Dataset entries
# # # #

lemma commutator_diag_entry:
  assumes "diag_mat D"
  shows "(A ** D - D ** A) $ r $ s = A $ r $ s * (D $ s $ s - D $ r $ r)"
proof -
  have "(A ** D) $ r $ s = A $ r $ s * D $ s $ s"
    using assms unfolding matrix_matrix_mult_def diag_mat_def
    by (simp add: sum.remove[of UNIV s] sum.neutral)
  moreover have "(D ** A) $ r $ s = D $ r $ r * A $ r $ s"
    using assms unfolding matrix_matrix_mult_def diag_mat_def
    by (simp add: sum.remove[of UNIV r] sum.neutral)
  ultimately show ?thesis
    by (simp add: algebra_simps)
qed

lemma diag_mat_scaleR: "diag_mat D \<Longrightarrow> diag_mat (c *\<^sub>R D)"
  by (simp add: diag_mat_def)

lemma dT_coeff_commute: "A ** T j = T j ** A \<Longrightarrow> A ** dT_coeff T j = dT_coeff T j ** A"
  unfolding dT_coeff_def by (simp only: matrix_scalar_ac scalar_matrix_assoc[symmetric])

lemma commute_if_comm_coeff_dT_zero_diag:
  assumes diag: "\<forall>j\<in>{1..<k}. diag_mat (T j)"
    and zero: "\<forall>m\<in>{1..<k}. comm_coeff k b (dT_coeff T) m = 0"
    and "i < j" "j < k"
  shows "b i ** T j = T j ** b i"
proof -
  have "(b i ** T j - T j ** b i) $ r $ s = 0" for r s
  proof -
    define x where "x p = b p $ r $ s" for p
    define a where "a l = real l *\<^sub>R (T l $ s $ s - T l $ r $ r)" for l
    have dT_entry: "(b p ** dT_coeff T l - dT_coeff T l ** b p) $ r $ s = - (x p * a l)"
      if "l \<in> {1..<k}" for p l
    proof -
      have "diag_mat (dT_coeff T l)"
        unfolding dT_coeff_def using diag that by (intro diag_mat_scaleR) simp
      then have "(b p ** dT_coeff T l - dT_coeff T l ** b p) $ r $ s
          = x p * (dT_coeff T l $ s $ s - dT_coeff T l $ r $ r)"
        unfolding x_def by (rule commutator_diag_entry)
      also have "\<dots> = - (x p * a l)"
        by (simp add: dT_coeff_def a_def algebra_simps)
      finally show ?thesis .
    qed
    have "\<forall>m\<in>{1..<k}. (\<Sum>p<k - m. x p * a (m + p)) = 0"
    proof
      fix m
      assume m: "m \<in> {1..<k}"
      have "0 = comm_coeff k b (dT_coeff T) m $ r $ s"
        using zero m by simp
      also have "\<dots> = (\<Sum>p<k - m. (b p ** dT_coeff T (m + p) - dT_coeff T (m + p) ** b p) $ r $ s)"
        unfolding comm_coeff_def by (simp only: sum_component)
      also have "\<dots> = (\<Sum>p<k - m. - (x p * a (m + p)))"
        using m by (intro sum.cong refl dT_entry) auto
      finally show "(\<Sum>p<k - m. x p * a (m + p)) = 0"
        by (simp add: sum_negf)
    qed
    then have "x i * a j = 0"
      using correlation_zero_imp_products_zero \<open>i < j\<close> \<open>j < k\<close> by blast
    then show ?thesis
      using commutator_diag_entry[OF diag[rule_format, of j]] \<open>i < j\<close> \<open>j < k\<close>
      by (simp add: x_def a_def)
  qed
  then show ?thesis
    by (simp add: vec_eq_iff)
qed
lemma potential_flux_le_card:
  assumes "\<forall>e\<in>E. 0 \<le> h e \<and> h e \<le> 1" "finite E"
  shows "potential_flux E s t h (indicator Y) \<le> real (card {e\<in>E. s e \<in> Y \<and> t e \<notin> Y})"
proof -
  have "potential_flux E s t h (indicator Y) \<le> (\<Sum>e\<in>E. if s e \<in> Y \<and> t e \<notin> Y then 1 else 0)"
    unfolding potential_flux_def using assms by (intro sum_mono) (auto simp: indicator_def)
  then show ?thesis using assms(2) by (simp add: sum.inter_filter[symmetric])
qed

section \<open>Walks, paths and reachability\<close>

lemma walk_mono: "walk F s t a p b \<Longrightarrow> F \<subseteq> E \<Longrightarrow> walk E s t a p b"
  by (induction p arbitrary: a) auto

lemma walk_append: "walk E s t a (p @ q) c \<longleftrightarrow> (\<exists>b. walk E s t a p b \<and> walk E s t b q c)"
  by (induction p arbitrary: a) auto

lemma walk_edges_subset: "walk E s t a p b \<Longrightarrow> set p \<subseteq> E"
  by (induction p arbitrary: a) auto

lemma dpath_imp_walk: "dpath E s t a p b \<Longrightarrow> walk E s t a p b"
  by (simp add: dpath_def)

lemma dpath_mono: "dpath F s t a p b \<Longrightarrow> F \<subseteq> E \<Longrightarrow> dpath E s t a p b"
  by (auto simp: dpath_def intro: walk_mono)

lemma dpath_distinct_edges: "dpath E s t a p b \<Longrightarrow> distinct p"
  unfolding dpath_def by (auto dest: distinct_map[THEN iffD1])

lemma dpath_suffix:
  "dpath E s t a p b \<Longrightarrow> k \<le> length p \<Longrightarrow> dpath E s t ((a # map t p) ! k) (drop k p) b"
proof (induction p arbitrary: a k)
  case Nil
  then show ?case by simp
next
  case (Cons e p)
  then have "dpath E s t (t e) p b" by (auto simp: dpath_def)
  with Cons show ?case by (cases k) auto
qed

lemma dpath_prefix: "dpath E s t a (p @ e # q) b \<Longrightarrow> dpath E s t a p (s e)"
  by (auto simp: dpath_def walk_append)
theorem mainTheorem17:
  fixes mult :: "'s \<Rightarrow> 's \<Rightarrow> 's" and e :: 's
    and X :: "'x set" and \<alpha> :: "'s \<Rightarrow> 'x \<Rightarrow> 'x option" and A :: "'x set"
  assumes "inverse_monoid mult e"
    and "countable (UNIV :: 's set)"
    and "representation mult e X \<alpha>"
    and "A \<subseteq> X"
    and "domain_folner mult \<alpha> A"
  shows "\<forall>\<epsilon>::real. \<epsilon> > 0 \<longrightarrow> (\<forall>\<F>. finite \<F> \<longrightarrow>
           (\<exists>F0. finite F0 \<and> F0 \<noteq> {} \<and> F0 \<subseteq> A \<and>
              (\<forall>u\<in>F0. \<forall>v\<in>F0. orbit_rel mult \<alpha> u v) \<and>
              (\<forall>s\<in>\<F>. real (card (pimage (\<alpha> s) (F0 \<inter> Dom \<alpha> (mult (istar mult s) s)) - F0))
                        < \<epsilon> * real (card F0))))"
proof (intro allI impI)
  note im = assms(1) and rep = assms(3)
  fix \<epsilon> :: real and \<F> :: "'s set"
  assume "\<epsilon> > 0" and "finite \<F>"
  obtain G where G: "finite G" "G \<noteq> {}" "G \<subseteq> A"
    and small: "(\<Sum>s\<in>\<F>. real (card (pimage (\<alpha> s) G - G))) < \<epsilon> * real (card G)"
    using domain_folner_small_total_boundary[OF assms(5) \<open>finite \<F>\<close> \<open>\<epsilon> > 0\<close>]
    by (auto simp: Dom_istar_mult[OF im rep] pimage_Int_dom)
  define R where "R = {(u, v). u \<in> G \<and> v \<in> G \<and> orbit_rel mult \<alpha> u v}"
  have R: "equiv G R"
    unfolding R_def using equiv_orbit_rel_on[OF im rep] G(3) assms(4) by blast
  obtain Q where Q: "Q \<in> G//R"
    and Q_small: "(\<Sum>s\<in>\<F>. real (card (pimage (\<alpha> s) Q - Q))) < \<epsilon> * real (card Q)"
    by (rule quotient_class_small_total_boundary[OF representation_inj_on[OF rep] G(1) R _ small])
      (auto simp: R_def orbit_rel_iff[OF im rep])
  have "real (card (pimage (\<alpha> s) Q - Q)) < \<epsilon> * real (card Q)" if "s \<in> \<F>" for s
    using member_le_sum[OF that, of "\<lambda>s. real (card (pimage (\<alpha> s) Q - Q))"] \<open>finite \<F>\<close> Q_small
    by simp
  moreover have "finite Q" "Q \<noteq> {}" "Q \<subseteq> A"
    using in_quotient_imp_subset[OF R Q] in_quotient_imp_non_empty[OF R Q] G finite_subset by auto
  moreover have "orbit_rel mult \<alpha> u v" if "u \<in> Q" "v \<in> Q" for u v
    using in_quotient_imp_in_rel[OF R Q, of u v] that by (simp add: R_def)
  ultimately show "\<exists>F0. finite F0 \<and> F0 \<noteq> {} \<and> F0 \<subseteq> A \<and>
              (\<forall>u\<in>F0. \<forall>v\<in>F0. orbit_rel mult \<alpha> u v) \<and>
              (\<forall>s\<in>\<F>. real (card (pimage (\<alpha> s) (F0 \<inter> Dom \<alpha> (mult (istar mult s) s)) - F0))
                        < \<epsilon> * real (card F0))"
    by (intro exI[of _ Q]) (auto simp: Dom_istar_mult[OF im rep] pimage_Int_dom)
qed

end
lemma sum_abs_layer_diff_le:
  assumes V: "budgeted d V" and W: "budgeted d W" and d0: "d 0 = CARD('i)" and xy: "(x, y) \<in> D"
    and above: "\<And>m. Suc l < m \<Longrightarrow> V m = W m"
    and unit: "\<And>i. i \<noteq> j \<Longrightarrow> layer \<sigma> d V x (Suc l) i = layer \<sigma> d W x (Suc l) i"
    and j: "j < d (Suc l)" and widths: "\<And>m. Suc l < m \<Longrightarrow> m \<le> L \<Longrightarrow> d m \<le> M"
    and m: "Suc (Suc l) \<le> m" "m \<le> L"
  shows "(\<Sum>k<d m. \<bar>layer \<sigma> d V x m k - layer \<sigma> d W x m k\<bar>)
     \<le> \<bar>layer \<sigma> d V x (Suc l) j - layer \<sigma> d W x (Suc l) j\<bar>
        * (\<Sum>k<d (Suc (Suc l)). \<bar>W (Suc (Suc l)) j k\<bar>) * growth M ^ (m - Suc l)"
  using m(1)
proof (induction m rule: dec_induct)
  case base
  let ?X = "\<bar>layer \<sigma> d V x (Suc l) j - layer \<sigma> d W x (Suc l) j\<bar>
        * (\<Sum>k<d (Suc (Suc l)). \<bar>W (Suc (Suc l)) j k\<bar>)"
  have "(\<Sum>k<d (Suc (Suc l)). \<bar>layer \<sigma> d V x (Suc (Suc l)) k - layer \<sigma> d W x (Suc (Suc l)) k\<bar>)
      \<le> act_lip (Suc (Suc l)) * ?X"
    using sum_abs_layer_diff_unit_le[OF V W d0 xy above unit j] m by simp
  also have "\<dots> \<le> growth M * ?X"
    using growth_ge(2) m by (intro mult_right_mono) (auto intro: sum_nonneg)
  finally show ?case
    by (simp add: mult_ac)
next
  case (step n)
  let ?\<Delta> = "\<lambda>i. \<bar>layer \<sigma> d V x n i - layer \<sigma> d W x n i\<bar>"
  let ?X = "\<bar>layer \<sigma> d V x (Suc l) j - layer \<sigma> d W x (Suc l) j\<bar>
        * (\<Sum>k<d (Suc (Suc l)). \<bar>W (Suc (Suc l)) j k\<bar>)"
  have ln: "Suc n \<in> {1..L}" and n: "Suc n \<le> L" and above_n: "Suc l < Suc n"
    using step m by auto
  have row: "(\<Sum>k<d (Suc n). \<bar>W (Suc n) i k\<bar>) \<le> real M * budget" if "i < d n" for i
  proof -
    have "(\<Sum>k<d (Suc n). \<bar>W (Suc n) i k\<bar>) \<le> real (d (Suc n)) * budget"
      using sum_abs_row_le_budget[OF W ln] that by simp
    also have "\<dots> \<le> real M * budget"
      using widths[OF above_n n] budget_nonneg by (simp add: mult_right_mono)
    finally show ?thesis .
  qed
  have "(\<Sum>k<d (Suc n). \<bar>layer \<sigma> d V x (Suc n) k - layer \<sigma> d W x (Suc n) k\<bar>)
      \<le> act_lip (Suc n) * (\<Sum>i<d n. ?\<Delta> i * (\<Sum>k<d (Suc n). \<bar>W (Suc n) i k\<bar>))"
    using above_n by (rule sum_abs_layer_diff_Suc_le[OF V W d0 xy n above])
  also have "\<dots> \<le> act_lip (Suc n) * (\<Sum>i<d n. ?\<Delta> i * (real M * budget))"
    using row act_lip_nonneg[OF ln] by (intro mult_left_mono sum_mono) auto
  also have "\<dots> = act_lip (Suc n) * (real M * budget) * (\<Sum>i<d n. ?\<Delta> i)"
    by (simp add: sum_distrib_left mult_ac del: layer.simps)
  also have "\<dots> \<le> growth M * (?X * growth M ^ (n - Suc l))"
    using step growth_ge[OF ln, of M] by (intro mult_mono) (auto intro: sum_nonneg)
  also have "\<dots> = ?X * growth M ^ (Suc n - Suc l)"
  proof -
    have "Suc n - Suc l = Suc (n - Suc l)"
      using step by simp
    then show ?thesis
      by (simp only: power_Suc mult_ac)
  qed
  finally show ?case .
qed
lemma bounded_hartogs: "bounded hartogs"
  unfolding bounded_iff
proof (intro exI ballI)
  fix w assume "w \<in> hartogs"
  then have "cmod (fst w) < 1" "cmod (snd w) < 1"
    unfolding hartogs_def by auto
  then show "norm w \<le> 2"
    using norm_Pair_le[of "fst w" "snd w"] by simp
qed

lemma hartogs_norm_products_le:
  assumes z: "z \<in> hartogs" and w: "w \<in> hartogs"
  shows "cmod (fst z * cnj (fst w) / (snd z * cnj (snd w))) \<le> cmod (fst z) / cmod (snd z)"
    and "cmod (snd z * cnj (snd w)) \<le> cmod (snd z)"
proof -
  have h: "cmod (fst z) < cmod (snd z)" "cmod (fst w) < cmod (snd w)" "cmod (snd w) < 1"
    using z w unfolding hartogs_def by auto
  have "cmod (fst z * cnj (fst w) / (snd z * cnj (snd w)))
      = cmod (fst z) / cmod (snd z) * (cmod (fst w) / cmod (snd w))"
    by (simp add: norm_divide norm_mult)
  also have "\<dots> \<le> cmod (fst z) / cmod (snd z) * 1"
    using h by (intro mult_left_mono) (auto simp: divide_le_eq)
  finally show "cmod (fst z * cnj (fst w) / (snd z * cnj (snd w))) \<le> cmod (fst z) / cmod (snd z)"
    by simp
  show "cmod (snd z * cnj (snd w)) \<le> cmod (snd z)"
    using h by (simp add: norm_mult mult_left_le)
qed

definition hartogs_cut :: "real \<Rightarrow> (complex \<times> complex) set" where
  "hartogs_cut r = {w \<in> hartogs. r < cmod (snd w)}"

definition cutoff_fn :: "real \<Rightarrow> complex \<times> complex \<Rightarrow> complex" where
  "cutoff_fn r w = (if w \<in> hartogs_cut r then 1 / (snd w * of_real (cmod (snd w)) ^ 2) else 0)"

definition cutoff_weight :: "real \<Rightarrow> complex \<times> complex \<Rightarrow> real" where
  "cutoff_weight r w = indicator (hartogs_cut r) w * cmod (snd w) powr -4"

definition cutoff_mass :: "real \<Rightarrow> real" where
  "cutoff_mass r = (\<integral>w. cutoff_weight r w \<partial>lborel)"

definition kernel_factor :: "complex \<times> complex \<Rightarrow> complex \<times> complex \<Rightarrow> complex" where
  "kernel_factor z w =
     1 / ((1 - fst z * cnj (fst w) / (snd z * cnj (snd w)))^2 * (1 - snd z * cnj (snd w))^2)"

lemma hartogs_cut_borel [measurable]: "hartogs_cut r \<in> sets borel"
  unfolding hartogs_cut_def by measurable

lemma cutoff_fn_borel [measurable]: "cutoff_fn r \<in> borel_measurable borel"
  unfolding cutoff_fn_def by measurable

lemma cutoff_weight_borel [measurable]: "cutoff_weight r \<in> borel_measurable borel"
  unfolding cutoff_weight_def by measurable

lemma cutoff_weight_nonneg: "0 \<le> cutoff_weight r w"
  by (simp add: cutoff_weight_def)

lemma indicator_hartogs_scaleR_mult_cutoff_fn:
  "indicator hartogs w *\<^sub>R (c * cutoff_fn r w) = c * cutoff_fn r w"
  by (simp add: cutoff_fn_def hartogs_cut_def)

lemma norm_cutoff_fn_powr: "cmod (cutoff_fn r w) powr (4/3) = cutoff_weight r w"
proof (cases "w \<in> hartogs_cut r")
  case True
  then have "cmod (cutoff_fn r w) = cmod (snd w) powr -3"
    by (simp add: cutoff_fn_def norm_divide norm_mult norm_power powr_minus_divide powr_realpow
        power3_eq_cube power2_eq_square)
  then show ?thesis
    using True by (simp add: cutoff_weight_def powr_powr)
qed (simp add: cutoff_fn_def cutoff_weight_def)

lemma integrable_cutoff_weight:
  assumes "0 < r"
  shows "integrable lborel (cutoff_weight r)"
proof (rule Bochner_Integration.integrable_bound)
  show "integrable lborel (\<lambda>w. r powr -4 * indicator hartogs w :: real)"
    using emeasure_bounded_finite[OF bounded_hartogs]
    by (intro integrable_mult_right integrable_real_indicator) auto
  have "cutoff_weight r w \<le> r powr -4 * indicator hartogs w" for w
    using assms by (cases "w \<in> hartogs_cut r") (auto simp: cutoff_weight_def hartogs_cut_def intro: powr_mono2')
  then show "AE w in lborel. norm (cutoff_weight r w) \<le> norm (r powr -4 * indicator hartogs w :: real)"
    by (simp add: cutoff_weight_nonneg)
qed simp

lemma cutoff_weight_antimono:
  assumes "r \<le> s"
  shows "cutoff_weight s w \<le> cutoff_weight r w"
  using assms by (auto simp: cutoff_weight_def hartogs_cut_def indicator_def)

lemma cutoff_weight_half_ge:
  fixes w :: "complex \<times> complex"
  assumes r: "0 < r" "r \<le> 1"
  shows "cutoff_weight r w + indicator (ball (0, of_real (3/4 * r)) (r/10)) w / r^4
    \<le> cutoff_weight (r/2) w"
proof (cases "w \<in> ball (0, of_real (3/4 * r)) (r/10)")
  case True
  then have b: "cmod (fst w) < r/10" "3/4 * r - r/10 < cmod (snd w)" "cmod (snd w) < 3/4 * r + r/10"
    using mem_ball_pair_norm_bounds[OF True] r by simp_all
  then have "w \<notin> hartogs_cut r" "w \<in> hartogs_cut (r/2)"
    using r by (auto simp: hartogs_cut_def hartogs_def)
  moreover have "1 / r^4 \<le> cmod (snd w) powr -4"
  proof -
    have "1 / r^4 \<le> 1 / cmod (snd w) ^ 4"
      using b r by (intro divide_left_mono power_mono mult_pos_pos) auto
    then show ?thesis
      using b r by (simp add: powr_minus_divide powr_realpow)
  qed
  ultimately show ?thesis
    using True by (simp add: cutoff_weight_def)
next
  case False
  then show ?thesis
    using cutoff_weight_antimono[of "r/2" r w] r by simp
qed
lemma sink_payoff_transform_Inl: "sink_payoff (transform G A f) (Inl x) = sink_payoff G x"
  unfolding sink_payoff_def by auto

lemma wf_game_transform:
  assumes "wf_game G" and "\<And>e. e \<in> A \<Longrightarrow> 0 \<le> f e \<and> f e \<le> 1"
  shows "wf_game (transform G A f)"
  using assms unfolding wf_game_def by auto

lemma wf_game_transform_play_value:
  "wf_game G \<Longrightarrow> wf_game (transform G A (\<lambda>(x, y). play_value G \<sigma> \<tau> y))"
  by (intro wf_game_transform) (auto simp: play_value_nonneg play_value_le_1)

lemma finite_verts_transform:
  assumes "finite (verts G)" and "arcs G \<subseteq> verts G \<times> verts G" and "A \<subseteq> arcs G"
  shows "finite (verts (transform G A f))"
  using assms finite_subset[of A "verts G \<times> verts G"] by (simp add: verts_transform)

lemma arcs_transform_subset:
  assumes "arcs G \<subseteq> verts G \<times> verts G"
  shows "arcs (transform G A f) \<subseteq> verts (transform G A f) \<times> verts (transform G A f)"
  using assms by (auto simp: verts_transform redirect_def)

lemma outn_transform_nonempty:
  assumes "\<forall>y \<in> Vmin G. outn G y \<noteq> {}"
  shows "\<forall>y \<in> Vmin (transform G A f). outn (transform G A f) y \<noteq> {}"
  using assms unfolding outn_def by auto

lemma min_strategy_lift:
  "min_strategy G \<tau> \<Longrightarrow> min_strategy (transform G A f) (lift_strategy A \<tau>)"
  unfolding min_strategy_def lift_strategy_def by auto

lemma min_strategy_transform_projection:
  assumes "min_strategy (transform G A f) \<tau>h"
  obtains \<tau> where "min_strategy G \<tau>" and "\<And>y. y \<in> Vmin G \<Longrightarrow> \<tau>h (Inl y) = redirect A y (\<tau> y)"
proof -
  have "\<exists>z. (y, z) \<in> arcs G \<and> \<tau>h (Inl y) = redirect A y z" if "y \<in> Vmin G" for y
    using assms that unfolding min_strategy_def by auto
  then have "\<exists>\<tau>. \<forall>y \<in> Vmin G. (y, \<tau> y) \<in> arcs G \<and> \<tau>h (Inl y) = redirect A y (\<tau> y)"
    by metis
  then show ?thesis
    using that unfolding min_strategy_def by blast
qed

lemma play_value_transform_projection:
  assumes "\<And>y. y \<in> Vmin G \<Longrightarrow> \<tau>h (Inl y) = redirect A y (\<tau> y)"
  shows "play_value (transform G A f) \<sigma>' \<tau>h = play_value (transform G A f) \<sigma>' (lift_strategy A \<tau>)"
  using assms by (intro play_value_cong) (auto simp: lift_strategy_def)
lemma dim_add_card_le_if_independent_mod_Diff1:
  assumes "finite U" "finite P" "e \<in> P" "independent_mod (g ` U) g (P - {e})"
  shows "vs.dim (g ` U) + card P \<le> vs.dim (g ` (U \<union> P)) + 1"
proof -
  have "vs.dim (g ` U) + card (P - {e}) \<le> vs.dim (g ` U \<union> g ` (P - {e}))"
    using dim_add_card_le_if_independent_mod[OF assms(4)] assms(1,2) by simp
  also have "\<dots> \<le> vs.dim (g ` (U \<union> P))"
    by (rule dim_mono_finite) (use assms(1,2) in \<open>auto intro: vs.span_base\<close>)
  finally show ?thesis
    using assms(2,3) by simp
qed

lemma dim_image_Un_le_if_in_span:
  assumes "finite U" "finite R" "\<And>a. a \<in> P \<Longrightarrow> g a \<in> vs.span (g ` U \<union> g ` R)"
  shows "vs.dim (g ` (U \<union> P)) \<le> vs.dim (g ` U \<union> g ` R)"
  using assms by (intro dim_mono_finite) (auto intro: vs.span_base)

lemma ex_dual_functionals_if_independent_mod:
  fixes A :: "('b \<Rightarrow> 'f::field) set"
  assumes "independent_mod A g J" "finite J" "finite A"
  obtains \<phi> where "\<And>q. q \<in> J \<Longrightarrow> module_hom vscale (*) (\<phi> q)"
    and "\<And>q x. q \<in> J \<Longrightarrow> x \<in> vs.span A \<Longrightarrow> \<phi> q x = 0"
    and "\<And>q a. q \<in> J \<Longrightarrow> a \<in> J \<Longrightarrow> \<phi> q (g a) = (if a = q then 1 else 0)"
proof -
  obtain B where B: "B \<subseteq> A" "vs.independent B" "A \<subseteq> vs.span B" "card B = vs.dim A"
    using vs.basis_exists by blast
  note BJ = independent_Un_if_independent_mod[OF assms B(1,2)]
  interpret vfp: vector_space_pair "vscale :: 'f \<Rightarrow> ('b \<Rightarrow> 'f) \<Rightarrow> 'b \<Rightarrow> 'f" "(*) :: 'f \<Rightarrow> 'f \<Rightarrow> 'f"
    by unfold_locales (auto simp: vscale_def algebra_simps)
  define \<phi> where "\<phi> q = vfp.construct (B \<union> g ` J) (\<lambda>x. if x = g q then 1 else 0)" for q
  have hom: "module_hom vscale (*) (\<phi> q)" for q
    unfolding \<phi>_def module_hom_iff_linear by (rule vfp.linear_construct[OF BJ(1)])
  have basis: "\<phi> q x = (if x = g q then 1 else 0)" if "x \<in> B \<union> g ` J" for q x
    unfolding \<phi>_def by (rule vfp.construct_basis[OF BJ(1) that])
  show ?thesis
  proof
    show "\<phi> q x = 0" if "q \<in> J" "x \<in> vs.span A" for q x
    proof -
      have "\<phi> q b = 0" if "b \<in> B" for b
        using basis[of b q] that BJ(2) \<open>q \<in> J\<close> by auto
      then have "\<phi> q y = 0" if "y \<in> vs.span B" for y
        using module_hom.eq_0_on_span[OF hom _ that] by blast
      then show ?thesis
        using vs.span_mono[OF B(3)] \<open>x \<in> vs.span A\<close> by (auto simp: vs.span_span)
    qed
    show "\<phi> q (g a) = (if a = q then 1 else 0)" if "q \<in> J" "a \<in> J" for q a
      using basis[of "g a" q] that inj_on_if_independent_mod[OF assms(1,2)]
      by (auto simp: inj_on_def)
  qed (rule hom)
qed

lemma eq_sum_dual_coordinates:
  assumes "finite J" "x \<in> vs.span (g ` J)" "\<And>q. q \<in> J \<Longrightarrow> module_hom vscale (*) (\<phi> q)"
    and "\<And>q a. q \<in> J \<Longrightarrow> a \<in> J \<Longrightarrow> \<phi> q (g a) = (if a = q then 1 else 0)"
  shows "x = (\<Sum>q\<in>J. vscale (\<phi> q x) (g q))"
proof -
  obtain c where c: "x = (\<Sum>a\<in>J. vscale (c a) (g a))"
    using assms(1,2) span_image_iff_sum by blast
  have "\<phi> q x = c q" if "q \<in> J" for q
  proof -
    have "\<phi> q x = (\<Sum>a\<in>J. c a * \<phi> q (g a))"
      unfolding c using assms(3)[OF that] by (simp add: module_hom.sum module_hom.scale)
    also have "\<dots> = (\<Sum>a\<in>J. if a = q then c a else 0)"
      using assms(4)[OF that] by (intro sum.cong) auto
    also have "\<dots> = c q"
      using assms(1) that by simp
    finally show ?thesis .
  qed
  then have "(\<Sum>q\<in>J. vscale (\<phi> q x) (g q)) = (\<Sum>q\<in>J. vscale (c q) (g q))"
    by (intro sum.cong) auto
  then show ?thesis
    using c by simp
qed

# # # #

-- YOUR GOAL --
Begin at the first line of the records above and quote every line verbatim through the one that contains "by (simp add: diag_mat_def)".

-- SOLUTION FOR THIS EXERCISE --
lemma commutator_diag_entry:
  assumes "diag_mat D"
  shows "(A ** D - D ** A) $ r $ s = A $ r $ s * (D $ s $ s - D $ r $ r)"
proof -
  have "(A ** D) $ r $ s = A $ r $ s * D $ s $ s"
    using assms unfolding matrix_matrix_mult_def diag_mat_def
    by (simp add: sum.remove[of UNIV s] sum.neutral)
  moreover have "(D ** A) $ r $ s = D $ r $ r * A $ r $ s"
    using assms unfolding matrix_matrix_mult_def diag_mat_def
    by (simp add: sum.remove[of UNIV r] sum.neutral)
  ultimately show ?thesis
    by (simp add: algebra_simps)
qed

lemma diag_mat_scaleR: "diag_mat D \<Longrightarrow> diag_mat (c *\<^sub>R D)"
  by (simp add: diag_mat_def)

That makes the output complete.